RECORDS:
◆ ◆ ◆ ◆

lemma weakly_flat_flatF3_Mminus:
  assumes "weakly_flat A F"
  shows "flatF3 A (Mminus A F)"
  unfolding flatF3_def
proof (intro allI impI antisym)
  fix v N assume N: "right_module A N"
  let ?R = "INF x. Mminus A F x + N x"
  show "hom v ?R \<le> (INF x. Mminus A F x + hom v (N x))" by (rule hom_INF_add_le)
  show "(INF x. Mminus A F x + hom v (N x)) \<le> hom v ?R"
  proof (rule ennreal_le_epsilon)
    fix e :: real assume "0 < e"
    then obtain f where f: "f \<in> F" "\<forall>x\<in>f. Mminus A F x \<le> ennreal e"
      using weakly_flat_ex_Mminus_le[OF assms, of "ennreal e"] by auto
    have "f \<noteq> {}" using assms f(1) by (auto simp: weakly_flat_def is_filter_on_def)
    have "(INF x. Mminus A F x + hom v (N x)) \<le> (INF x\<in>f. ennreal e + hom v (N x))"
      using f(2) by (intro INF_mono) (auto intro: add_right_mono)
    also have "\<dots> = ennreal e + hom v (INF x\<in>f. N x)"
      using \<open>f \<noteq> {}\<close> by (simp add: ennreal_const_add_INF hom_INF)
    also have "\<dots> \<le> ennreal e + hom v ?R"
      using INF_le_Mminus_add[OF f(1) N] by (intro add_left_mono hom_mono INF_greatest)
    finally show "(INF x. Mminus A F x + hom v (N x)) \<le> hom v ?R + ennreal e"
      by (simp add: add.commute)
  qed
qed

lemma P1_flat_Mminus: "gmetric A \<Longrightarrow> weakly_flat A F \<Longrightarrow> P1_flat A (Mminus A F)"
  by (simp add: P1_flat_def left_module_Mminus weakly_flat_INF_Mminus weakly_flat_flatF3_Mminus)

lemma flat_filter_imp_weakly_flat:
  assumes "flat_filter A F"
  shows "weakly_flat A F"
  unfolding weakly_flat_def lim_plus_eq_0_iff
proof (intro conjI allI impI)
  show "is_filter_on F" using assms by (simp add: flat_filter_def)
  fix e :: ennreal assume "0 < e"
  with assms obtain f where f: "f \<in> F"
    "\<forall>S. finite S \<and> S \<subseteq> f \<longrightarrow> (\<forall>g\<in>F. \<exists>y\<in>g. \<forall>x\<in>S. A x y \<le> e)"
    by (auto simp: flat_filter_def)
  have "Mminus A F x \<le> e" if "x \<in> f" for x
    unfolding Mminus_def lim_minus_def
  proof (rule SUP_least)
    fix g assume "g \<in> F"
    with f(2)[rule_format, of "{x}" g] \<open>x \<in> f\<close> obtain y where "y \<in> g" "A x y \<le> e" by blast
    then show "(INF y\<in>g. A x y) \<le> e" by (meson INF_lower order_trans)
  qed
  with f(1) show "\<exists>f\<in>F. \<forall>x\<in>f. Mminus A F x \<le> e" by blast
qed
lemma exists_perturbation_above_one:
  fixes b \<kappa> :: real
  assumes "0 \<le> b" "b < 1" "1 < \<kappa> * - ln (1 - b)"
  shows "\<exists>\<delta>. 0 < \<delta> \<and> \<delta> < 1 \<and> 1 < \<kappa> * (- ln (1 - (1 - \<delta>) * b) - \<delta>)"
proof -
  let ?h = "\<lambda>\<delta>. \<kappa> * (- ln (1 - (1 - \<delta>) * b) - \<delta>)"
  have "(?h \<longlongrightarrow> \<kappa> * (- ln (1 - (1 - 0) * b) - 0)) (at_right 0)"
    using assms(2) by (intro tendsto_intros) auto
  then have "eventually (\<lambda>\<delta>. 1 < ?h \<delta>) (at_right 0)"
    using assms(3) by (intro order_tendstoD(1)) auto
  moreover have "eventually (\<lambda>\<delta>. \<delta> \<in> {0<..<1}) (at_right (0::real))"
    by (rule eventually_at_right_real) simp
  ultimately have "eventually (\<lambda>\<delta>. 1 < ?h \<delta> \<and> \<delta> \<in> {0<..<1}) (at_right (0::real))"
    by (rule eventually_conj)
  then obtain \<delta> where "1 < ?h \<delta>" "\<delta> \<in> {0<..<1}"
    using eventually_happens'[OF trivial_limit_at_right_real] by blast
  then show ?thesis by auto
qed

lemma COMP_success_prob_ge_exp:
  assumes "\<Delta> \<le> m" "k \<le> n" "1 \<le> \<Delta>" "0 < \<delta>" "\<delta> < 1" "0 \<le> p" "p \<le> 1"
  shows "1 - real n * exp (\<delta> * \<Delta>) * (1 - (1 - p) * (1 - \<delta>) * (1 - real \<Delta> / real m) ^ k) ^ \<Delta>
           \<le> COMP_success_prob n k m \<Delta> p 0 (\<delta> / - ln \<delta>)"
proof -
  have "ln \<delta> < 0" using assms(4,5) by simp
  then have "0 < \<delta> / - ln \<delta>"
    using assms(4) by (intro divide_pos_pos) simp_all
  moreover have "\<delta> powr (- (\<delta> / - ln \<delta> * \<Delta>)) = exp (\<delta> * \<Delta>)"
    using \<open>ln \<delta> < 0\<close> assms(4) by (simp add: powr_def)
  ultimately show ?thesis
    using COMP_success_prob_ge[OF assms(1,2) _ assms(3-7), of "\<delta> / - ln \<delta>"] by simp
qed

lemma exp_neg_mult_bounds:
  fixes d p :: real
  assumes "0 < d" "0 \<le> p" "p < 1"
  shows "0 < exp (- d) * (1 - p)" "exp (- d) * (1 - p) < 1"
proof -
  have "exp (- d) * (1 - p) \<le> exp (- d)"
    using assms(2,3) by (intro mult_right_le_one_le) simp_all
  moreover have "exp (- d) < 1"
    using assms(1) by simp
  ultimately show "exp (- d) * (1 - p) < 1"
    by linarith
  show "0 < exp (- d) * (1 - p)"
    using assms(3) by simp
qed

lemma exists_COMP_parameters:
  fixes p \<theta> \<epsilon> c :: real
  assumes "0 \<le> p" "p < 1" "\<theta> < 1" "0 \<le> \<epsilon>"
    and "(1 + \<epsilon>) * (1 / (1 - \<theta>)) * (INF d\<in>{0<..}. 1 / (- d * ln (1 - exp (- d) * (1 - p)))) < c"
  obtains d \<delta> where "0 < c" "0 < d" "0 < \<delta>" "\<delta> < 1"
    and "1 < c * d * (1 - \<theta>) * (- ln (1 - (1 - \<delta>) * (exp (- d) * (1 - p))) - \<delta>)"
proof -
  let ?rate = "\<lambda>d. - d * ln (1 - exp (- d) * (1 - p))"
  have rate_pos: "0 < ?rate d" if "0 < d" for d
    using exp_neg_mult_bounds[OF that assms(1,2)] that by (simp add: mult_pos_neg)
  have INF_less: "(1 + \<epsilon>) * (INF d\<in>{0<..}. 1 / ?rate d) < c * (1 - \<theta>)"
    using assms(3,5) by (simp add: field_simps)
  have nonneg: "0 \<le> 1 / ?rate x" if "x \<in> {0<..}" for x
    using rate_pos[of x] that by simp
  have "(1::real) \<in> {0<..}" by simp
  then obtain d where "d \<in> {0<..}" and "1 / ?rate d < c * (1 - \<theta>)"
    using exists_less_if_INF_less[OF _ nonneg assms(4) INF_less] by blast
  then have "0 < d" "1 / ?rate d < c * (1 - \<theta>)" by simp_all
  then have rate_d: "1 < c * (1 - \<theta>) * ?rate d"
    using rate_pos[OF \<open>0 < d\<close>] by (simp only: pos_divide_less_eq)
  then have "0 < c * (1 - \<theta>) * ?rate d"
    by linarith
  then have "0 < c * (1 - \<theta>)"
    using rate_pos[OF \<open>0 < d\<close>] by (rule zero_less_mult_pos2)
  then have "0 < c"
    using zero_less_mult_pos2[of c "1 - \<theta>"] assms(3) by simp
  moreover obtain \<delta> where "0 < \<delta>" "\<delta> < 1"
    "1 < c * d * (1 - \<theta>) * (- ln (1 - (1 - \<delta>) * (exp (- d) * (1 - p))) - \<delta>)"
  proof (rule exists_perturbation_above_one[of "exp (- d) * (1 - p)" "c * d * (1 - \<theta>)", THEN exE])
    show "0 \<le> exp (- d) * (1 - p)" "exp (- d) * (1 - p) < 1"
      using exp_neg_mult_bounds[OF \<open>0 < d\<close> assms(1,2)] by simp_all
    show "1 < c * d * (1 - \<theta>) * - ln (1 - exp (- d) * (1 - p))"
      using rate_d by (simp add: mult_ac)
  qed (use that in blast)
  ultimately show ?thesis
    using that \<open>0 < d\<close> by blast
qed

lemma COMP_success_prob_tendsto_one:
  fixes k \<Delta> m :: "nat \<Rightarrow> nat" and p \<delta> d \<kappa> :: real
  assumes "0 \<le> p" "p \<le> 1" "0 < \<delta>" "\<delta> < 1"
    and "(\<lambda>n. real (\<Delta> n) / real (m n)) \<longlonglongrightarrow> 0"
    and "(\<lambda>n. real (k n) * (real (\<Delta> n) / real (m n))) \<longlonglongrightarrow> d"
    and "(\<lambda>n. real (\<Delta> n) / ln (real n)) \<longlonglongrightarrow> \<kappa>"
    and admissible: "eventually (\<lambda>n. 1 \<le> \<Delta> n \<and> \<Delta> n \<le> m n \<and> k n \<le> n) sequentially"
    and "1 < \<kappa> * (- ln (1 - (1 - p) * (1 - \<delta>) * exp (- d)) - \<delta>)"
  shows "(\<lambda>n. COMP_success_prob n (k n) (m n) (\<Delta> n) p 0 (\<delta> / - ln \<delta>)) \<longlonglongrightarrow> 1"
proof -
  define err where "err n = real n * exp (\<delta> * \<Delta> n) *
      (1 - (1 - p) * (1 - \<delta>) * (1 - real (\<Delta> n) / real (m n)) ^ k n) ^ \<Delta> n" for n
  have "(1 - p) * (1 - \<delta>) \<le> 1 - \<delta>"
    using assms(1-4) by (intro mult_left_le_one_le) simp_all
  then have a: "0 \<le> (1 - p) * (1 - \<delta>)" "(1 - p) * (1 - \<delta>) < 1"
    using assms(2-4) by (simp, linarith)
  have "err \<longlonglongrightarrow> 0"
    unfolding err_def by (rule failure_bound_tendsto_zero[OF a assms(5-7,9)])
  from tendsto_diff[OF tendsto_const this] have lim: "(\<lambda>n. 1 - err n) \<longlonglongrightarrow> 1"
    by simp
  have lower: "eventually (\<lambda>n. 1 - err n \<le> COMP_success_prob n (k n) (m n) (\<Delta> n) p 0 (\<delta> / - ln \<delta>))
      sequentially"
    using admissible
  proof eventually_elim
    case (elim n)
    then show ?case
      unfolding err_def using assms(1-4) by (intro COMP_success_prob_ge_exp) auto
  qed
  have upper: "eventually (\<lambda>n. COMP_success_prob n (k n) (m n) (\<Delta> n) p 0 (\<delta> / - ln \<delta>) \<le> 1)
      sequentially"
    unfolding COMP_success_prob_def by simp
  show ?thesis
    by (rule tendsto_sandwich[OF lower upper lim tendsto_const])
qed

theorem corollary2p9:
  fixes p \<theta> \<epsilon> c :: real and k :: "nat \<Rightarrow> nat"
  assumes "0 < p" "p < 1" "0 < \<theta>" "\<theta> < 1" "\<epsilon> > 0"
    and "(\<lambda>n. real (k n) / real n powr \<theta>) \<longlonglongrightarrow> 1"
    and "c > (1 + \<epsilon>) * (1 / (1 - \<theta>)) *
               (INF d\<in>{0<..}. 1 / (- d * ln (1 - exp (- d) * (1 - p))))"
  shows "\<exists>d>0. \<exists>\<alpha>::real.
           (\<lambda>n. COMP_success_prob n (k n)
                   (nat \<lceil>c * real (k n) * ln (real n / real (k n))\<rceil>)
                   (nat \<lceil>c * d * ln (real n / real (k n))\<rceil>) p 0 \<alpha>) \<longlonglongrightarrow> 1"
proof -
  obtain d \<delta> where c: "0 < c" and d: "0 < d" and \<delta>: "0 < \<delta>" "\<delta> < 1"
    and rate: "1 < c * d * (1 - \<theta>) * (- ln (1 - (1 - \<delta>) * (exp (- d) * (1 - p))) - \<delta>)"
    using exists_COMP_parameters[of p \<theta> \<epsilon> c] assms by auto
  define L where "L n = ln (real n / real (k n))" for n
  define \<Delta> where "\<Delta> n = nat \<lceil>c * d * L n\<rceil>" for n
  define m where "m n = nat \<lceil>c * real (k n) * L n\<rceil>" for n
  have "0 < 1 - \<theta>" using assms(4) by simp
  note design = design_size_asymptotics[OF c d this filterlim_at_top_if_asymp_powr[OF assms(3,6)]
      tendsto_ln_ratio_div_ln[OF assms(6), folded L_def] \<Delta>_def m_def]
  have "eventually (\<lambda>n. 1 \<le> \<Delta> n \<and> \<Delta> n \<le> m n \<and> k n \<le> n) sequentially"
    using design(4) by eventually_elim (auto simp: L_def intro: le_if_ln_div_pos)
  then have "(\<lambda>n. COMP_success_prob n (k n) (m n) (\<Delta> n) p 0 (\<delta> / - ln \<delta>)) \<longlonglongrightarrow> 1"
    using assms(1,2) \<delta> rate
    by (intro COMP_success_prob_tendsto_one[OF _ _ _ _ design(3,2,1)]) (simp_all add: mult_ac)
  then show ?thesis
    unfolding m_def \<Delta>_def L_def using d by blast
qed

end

◆ ◆ ◆ ◆

PROBLEM TO SOLVE: Filter the data above, keeping only lines that include the string "close".

RESPONSE:
      using \<open>f \<noteq> {}\<close> by (simp add: ennreal_const_add_INF hom_INF)
    with f(2)[rule_format, of "{x}" g] \<open>x \<in> f\<close> obtain y where "y \<in> g" "A x y \<le> e" by blast
    using \<open>ln \<delta> < 0\<close> assms(4) by (simp add: powr_def)
    using rate_pos[OF \<open>0 < d\<close>] by (simp only: pos_divide_less_eq)
    using rate_pos[OF \<open>0 < d\<close>] by (rule zero_less_mult_pos2)
      using exp_neg_mult_bounds[OF \<open>0 < d\<close> assms(1,2)] by simp_all
    using that \<open>0 < d\<close> by blast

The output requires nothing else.